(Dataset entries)

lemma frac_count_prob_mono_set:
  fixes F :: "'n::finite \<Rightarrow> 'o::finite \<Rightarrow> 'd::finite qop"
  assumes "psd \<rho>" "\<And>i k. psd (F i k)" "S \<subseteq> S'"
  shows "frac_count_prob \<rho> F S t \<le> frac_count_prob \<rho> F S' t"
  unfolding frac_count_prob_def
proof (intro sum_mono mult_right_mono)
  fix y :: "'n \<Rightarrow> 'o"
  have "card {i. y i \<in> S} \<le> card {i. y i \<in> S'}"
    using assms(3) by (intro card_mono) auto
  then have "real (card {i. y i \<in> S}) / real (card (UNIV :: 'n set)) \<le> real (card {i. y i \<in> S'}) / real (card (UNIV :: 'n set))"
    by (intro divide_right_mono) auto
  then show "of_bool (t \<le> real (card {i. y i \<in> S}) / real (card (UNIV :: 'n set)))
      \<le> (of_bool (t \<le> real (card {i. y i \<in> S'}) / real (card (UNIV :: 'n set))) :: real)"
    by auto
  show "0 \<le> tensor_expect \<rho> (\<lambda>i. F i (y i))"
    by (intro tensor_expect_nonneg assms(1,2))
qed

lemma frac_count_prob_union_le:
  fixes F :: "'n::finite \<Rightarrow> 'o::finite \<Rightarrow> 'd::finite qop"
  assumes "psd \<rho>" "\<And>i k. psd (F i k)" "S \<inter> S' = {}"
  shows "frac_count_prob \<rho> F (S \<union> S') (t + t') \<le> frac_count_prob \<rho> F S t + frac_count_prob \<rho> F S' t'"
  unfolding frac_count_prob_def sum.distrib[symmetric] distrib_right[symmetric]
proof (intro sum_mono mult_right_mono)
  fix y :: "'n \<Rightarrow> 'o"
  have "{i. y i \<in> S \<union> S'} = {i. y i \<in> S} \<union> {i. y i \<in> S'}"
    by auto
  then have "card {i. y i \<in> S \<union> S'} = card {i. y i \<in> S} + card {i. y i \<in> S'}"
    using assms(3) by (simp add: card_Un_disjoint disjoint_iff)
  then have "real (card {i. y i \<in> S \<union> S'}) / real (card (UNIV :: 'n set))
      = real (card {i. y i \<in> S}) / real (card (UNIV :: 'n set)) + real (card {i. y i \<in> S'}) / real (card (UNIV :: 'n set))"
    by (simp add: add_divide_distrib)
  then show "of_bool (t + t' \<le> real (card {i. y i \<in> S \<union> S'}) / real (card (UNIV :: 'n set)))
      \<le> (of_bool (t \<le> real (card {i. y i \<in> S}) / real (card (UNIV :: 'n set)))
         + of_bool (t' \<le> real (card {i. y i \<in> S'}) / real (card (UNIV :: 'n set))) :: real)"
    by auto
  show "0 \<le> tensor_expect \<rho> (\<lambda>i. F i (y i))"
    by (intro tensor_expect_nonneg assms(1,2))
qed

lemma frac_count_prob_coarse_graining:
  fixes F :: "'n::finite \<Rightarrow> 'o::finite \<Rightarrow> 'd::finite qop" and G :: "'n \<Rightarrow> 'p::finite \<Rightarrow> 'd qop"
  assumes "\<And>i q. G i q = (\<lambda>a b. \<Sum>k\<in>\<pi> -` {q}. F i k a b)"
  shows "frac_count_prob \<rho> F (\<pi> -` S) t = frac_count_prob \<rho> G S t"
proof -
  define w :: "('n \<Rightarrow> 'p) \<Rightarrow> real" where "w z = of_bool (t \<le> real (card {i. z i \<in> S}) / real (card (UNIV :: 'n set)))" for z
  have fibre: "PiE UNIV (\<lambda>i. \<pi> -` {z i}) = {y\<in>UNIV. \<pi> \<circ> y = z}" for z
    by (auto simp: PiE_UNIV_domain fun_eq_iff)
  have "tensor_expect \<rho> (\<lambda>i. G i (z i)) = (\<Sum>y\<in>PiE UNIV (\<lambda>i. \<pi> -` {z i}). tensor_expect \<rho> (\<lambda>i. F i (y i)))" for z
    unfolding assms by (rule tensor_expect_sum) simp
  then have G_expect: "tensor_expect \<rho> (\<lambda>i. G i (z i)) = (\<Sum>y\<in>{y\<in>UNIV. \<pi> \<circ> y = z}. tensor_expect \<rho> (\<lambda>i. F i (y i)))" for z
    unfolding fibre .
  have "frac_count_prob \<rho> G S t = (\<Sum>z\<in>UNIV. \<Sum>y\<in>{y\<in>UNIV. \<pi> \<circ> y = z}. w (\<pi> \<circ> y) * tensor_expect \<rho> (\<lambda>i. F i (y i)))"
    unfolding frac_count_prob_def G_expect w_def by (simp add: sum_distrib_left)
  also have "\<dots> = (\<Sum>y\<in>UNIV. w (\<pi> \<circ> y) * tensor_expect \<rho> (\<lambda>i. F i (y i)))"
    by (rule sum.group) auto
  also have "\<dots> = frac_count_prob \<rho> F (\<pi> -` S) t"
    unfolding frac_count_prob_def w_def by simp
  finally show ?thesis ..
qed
---
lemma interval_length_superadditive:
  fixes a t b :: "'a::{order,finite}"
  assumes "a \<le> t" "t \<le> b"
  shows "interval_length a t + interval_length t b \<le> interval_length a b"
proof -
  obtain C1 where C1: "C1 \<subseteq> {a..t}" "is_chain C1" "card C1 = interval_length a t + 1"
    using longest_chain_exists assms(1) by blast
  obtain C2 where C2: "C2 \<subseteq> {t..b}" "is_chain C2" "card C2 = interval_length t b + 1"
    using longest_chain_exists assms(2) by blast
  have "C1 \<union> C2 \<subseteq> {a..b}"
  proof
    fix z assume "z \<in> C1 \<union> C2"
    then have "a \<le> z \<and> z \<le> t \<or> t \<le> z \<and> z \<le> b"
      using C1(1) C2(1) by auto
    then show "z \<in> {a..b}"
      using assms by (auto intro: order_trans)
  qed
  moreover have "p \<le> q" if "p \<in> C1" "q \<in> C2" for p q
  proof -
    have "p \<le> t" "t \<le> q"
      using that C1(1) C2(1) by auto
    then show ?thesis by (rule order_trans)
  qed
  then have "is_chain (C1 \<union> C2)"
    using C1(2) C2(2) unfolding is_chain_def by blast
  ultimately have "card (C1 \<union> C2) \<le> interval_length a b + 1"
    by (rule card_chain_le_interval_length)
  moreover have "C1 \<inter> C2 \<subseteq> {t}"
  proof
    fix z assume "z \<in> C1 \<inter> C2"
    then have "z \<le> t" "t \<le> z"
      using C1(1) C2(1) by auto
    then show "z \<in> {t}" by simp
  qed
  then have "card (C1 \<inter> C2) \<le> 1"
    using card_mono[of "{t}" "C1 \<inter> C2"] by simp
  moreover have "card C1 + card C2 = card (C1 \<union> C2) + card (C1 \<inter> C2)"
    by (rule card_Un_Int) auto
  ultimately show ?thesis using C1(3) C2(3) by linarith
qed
==
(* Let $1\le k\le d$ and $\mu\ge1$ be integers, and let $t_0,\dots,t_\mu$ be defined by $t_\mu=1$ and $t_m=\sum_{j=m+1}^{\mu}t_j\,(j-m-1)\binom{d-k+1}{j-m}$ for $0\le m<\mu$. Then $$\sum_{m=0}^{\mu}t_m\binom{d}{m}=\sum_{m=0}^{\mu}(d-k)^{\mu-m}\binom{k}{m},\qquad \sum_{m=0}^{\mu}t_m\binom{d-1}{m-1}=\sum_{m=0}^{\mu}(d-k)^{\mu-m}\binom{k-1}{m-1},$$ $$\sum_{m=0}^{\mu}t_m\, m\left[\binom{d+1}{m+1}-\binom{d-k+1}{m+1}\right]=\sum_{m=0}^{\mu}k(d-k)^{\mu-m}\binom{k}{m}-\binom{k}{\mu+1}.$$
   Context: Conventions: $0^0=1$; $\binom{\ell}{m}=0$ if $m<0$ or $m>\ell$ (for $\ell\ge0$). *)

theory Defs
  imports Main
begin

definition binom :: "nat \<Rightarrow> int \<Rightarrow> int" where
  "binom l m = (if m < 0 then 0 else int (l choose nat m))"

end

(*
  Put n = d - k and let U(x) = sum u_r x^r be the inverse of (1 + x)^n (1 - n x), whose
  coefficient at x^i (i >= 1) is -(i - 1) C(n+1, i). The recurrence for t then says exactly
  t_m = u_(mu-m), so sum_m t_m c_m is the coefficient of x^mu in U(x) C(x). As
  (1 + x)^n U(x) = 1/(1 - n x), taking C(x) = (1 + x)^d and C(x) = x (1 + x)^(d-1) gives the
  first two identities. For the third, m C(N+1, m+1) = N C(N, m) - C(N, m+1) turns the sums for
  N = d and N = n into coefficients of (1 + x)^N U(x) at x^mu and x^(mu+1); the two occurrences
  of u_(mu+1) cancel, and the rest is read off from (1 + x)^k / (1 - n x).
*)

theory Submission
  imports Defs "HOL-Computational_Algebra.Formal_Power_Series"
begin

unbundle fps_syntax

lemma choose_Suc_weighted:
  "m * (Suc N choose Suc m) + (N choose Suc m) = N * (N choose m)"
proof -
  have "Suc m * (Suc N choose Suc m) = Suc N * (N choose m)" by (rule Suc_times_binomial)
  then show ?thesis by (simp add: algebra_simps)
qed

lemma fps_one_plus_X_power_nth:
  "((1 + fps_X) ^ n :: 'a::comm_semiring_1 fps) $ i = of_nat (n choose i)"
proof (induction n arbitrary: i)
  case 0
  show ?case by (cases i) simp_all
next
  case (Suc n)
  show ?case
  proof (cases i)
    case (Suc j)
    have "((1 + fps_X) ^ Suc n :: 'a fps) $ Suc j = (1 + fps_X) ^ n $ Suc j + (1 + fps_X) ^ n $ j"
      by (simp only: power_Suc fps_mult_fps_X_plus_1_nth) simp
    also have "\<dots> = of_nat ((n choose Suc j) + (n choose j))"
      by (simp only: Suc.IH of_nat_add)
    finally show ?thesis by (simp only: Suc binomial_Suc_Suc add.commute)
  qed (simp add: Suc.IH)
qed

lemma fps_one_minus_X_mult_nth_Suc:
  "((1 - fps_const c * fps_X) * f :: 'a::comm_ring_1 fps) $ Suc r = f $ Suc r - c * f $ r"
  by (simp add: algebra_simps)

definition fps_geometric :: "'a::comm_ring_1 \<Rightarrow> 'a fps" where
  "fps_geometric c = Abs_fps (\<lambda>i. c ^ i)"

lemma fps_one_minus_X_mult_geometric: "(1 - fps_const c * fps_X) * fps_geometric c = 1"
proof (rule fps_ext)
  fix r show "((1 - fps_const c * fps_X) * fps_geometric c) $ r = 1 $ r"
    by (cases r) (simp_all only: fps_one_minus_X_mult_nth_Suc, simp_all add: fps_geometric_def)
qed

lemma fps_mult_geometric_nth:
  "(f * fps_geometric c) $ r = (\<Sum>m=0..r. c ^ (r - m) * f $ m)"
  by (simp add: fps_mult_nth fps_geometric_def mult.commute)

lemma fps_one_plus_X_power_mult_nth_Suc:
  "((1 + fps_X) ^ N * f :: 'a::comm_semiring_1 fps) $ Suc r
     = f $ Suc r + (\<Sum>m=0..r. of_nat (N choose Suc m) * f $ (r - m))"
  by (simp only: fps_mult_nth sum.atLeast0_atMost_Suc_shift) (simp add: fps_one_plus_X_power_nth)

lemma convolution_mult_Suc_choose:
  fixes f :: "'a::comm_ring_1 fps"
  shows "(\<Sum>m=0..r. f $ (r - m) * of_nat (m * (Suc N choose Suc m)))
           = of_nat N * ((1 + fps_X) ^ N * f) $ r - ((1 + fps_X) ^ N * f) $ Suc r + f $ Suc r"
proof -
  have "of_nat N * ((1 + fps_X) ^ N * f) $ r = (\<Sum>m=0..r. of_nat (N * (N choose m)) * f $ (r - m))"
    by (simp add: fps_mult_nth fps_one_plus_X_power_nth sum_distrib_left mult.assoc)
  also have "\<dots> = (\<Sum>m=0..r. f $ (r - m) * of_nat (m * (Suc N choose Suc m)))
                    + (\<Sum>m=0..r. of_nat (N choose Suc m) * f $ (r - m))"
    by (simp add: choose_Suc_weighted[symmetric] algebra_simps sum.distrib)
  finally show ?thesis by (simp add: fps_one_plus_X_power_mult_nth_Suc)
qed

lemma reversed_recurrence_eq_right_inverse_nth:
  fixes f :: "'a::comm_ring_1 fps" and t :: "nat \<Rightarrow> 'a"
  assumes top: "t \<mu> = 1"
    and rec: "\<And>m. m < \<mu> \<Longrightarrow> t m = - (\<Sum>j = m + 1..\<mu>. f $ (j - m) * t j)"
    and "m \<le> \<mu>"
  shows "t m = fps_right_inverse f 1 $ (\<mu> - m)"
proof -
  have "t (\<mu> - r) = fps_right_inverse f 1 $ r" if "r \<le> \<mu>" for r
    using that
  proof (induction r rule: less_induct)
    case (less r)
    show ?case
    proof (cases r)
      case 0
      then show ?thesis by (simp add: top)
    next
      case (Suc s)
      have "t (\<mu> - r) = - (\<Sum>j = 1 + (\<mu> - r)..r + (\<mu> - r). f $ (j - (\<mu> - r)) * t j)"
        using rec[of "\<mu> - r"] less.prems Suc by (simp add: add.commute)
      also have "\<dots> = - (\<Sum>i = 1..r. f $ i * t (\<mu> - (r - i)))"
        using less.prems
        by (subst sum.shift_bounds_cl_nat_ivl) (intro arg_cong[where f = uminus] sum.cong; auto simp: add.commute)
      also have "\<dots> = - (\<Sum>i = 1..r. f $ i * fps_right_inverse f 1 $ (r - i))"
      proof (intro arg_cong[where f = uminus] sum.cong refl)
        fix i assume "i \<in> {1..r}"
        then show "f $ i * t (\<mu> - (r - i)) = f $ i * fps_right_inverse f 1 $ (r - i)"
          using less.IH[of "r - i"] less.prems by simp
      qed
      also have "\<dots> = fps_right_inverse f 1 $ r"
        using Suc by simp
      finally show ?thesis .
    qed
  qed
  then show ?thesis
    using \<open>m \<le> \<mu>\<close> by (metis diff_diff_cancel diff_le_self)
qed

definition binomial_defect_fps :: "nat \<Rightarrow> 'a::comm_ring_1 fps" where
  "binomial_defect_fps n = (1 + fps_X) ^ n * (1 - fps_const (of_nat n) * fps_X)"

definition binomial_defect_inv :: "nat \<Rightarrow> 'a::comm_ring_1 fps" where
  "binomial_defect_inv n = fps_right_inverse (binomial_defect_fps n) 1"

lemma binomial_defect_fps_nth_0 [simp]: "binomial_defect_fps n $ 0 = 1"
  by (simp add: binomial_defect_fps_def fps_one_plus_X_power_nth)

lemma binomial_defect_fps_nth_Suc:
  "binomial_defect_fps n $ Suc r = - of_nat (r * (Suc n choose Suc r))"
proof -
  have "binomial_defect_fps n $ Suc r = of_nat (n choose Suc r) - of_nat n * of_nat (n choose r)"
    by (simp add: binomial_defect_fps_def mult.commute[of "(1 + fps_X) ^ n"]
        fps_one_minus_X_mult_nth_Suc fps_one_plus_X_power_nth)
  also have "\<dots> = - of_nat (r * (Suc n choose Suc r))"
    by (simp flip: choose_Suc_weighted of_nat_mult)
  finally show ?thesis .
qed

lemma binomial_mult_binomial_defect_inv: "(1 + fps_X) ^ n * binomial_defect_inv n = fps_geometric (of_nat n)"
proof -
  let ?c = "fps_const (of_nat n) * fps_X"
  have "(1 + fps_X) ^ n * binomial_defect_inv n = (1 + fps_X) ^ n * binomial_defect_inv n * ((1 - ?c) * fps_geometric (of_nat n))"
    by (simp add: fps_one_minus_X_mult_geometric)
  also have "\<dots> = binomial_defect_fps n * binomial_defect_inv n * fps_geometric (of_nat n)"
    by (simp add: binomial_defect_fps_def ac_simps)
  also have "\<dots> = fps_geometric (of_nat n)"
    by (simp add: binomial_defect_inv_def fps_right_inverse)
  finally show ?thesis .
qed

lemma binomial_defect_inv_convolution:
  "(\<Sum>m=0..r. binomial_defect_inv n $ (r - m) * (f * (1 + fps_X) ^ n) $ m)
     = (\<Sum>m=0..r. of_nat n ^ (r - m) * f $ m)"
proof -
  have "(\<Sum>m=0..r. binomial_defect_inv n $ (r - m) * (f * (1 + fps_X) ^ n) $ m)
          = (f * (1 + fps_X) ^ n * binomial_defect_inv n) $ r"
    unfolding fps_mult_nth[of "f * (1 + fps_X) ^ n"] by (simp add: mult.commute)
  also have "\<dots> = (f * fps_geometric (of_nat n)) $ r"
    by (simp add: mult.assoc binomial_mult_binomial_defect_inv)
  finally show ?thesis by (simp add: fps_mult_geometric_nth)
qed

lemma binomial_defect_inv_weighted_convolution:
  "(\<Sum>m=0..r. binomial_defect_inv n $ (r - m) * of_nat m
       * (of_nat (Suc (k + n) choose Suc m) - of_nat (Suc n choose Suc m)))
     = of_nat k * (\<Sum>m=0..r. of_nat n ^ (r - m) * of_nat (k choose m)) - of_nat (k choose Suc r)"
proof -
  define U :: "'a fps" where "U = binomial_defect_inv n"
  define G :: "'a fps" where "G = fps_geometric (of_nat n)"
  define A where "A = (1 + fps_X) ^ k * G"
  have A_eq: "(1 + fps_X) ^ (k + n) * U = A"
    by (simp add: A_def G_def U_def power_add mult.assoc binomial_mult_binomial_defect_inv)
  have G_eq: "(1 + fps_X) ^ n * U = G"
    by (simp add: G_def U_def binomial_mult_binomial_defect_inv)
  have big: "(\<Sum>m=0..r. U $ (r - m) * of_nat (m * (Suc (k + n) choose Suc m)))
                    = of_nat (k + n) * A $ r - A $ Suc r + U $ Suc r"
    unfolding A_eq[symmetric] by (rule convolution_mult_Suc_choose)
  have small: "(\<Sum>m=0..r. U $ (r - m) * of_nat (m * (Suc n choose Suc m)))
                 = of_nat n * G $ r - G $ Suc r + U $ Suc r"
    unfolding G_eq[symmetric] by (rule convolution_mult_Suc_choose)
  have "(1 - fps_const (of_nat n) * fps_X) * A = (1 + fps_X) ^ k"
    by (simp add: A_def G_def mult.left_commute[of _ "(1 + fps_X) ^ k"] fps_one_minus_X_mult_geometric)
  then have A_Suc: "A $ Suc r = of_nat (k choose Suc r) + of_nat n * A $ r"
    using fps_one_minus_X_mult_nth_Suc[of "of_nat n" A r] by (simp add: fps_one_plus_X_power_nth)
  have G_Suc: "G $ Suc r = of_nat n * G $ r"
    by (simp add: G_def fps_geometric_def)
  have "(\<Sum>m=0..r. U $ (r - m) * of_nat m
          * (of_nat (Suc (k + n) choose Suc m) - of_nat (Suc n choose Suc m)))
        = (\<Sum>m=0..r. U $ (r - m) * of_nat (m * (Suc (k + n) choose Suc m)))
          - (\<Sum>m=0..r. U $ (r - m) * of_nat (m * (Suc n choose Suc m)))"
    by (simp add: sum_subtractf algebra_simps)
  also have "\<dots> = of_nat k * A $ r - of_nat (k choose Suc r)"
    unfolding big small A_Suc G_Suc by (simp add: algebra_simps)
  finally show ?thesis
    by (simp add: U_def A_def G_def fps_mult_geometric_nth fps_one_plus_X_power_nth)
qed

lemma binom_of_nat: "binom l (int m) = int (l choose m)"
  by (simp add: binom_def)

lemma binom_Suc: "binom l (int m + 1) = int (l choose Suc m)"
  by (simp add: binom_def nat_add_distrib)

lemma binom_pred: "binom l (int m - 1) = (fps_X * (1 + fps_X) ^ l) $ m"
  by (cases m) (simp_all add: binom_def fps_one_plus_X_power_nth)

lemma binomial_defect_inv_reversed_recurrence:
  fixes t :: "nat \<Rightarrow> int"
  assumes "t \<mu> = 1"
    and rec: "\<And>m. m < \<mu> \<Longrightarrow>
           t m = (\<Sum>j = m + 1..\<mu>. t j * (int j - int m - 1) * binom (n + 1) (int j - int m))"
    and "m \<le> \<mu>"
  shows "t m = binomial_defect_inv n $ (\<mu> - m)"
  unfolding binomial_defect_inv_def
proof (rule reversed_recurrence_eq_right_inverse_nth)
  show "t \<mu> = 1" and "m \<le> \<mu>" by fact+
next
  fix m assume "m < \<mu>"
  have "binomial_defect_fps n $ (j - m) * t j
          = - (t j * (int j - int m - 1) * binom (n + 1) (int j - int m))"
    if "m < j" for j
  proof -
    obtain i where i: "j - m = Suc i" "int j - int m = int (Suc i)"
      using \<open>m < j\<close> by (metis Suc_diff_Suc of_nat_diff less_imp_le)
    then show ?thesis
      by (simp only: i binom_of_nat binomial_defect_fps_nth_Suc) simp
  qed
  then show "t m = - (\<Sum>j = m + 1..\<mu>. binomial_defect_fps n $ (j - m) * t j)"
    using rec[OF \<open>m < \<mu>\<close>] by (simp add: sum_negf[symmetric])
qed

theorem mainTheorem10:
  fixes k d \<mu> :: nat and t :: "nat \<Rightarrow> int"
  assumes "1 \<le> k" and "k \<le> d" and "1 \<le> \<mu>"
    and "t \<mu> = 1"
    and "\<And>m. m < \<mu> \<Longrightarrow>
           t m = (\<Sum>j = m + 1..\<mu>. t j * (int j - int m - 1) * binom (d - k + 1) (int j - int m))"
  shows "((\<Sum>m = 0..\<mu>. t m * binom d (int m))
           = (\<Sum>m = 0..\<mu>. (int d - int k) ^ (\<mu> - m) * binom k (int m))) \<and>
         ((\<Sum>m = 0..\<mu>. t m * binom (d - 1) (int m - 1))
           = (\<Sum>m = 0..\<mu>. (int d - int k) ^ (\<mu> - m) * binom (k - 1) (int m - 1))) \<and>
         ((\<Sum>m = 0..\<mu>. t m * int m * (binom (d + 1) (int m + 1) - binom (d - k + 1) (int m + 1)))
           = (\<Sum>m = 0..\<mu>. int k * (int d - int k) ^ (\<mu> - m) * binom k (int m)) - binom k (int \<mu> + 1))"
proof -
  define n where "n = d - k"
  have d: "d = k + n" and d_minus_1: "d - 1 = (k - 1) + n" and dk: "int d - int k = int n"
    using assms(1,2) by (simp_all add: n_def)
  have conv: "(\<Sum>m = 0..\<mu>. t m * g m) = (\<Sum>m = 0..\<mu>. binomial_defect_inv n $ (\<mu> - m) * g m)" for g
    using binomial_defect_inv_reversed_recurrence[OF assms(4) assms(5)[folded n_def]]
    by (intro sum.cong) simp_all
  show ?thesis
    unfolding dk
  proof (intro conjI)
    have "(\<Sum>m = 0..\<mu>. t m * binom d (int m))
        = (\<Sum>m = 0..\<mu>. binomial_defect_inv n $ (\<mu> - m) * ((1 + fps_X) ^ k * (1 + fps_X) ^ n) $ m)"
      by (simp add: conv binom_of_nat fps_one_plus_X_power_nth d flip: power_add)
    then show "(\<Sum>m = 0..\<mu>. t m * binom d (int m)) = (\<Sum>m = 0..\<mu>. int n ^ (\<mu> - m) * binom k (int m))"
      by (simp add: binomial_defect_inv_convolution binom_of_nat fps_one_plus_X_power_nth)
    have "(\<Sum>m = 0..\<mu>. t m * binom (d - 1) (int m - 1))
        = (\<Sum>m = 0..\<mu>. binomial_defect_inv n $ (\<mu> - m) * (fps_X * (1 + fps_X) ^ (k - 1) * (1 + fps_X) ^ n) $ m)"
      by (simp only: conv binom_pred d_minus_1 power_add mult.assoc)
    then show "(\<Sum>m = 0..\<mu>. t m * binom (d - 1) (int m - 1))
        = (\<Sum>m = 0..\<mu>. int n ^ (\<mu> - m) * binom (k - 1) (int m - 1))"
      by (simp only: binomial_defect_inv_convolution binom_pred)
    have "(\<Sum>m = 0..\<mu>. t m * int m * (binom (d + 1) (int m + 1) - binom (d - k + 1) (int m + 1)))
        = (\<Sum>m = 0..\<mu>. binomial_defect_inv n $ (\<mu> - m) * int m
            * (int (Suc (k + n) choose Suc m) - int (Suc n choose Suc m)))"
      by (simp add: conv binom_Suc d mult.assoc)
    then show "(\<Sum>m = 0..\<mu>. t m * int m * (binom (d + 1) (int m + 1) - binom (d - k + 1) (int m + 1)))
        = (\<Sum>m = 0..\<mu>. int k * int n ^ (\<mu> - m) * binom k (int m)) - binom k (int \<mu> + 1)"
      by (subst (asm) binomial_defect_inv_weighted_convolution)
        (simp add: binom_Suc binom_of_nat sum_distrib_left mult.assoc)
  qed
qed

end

* [TASK TO CARRY OUT]:
Work out how many lines in the data include "moreover". Answer with the number only.

* [EXERCISE RESPONSE]:
3